The IRA's "United Muslims of America" Facebook group organized the "Make peace, not war!" protest on 3 June 2017, outside Trump Tower in New York City. It is unclear whether anyone attended this protest or instead attended the "March for Truth" affiliated protest held on the same day.

== Lawsuit ==
In May 2015, a trolling company employee Lyudmila Savchuk in Saint Petersburg sued her employer for labor violations, seeking to disclose its activities. Ivan Pavlov from human rights defending initiative Team 29 represented Savchuk, and the defendant "troll-factory" agreed to pay Savchuk her withheld salaries and to restore her job.

Savchuk later described extreme psychological pressure at the work place, with jokes circulating among employees that "one can remain sane in the factory for two months maximum", as result of constant switching between different personalities that the workers are expected to design and maintain during work time.

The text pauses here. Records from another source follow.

lemma R2_bound_large_alpha:
  fixes l :: nat and \<alpha> p C1 C2 :: real
  assumes l: "l \<ge> 1" and a: "1 < \<alpha>" "\<alpha> < 2" and p: "0 < p" "p < 1"
    and C1: "C1 > 0" and C2pos: "C2 > 0"
    and C2: "\<And>n t. n \<ge> 1 \<Longrightarrow> \<bar>t\<bar> \<le> C2 * real n powr (1 / \<alpha>) \<Longrightarrow>
               cmod (xn \<alpha> p n t) / real n \<le> 1 / 2"
  shows "\<exists>C4 > 0. \<exists>\<epsilon>. 0 < \<epsilon> \<and> \<epsilon> \<le> C2 \<and>
           (\<forall>n t. n \<ge> 1 \<longrightarrow> \<bar>t\<bar> \<le> \<epsilon> * real n powr (1 / \<alpha>) \<longrightarrow>
              cmod (R2 \<alpha> p n l t) \<le> C4 * \<bar>t\<bar> powr (2 * real l)
                 * exp (C1 * \<bar>t\<bar> powr \<alpha> / 2) * real n powr (- real l * (2 - \<alpha>) / \<alpha>))"
proof -
  obtain K1 where K1: "\<And>s. cmod (fchar \<alpha> p s - 1) \<le> K1 * \<bar>s\<bar>"
    using fchar_sub_one_le_linear[OF p a(1)] by blast
  obtain K2 where K2: "K2 \<ge> 0"
    "\<And>n t. n \<ge> 1 \<Longrightarrow> cmod (R12 \<alpha> p n t) \<le> K2 * t\<^sup>2 * real n powr (1 - 2/\<alpha>)"
    using R12_le[OF p _ a(2)] a(1) by auto
  define K where "K = 2 * K1\<^sup>2 + K2 + 1"
  have K: "K > 0" using K2 by (simp add: K_def add_nonneg_pos)
  obtain \<epsilon> where \<epsilon>: "0 < \<epsilon>" "\<epsilon> \<le> C2" "\<epsilon> powr (2 - \<alpha>) \<le> C1 / (2 * K)"
    using exists_small_powr[of "C1 / (2 * K)" "2 - \<alpha>" C2] C1 K a C2pos by auto
  show ?thesis
  proof (rule exI[of _ "K ^ l"], intro conjI exI[of _ \<epsilon>] allI impI)
    show "K ^ l > 0" "0 < \<epsilon>" "\<epsilon> \<le> C2" using K \<epsilon> by auto
    fix n :: nat and t :: real
    assume n: "n \<ge> 1" and t: "\<bar>t\<bar> \<le> \<epsilon> * real n powr (1 / \<alpha>)"
    have nn: "real n > 0" using n by simp
    define b where "b = t\<^sup>2 * real n powr (1 - 2/\<alpha>)"
    have "\<bar>t\<bar> \<le> C2 * real n powr (1 / \<alpha>)"
      using t \<epsilon>(2) by (meson mult_right_mono order_trans powr_ge_zero)
    then have "cmod (R12 \<alpha> p n t) + cmod (R32 \<alpha> p n t) \<le> (2 * K1\<^sup>2 + K2) * b"
      unfolding b_def using n K1 K2 C2 by (intro norm_R12_add_R32_le_large_alpha) auto
    moreover have "(2 * K1\<^sup>2 + K2) * b \<le> K * b"
      unfolding K_def b_def by (intro mult_right_mono) auto
    ultimately have sum: "cmod (R12 \<alpha> p n t) + cmod (R32 \<alpha> p n t) \<le> K * b"
      by linarith
    have "b = \<bar>t\<bar> powr (\<alpha> + (2 - \<alpha>)) * real n powr (- (2 - \<alpha>) / \<alpha>)"
    proof -
      have "- (2 - \<alpha>) / \<alpha> = 1 - 2/\<alpha>" using a by (simp add: field_simps)
      then show ?thesis by (simp add: b_def)
    qed
    also have "\<dots> \<le> \<epsilon> powr (2 - \<alpha>) * \<bar>t\<bar> powr \<alpha>"
      using \<epsilon>(1) nn a by (intro powr_add_mult_powr_le[OF t]) auto
    finally have "cmod (R2 \<alpha> p n l t) \<le> (K * b) ^ l * exp (C1 * \<bar>t\<bar> powr \<alpha> / 2)"
      using sum \<epsilon>(3) K by (intro norm_R2_le)
    also have "(K * b) ^ l = K ^ l * \<bar>t\<bar> powr (2 * real l) * real n powr (- real l * (2 - \<alpha>) / \<alpha>)"
    proof -
      have "(t\<^sup>2) ^ l = \<bar>t\<bar> powr (2 * real l)"
        using l power_powr_nonneg[of "\<bar>t\<bar>" l 2] by (simp add: mult_ac)
      moreover have "(real n powr (1 - 2/\<alpha>)) ^ l = real n powr (- real l * (2 - \<alpha>) / \<alpha>)"
        using l a power_powr_nonneg[of "real n" l "1 - 2/\<alpha>"] by (simp add: field_simps)
      ultimately show ?thesis
        by (simp add: b_def power_mult_distrib)
    qed
    finally show "cmod (R2 \<alpha> p n l t) \<le> K ^ l * \<bar>t\<bar> powr (2 * real l)
                 * exp (C1 * \<bar>t\<bar> powr \<alpha> / 2) * real n powr (- real l * (2 - \<alpha>) / \<alpha>)"
      by (simp add: mult_ac)
  qed
qed

theorem lemma6:
  fixes l :: nat and alpha p C1 C2 :: real
  assumes l: "l \<ge> 1"
    and alpha: "(0 < alpha \<and> alpha < 1) \<or> (1 < alpha \<and> alpha < 2)"
    and p: "0 < p" "p < 1"
    and C1pos: "C1 > 0"
    and C1: "\<And>g t. qq p < g \<Longrightarrow> g \<le> 1 \<Longrightarrow>
               Re (ygam alpha p g t) \<le> - C1 * \<bar>t\<bar> powr alpha \<and>
               cmod (ygam alpha p g t) \<le> C1 * \<bar>t\<bar> powr alpha"
    and C2pos: "C2 > 0"
    and C2: "\<And>n t. n \<ge> 1 \<Longrightarrow> \<bar>t\<bar> \<le> C2 * real n powr (1 / alpha) \<Longrightarrow>
               cmod (xn alpha p n t) / real n \<le> 1 / 2"
  shows "\<exists>C4 > 0. \<exists>\<epsilon>. 0 < \<epsilon> \<and> \<epsilon> \<le> C2 \<and>
           (\<forall>n t. n \<ge> 1 \<longrightarrow> \<bar>t\<bar> \<le> \<epsilon> * real n powr (1 / alpha) \<longrightarrow>
              cmod (R2 alpha p n l t) \<le>
                (if alpha < 1
                 then C4 * \<bar>t\<bar> powr (2 * real l * alpha) * exp (C1 * \<bar>t\<bar> powr alpha / 2)
                        * real n powr (- real l)
                 else C4 * \<bar>t\<bar> powr (2 * real l) * exp (C1 * \<bar>t\<bar> powr alpha / 2)
                        * real n powr (- real l * (2 - alpha) / alpha)))"
proof (cases "alpha < 1")
  case True
  then have "0 < alpha" "alpha < 1" using alpha by auto
  from R2_bound_small_alpha[OF l this p C1pos C2pos C2] True show ?thesis by simp
next
  case False
  then have "1 < alpha" "alpha < 2" using alpha by auto
  from R2_bound_large_alpha[OF l this p C1pos C2pos C2] False show ?thesis by simp
qed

The realization that you can invent any fact, then watch it absolutely synchronized with the media outlets as one massive information outflow and spread worldwide – that absolutely breaks your psyche
— Lyudmila Savchuk, Polygraph, "Working in Russian Troll Factory Pushed Reporter to ‘Edge of Insanity'", 2018

== Indictments ==

Indictment for interfering in the 2016 U.S. elections

On 16 February 2018, 13 individuals were indicted by the Washington, D.C. grand jury for alleged illegal interference in the 2016 presidential elections, during which they strongly supported the candidacy of Donald Trump, according to special counsel Robert Mueller's office. IRA, Concord Management and Concord Catering were also indicted. It was alleged that IRA was controlled by Yevgeny Prigozhin, a wealthy associate of Russian President Vladimir Putin.

The indicted individuals are Dzheykhun Nasimi Ogly Aslanov, Anna Vladislavovna Bogacheva, Maria Anatolyevna Bovda, Robert Sergeyevich Bovda, Mikhail Leonidovich Burchik, Mikhail Ivanovich Bystrov, Irina Viktorovna Kaverzina, Aleksandra Yuryevna Krylova, Vadim Vladimirovich Podkopaev, Sergey Pavlovich Polozov, Yevgeny Viktorovich Prigozhin, Gleb Igorevitch Vasilchenko, and Vladimir Venkov. All of the defendants are charged with conspiracy to defraud the United States, 3 are charged with conspiracy to commit wire fraud and bank fraud, and 5 defendants are charged with aggravated identity theft. None of the defendants are in custody. (Note: The American Department was headed by Jeykhun Aslanov, an Azerbaijani who, in October 2017, was 27. Maria Bovda was the previous head of the American Department.)

On 15 March, President Trump imposed financial sanctions under the Countering America's Adversaries Through Sanctions Act on the 13 Russian and organizations indicted by Mueller, preventing them from entering the United States to answer the charges should they wish to.

In October 2018 Russian accountant Elena Khusyaynova was charged with interference in the 2016 and 2018 US elections. She is alleged to have been working with the IRA. She was said to have managed a $16 million budget.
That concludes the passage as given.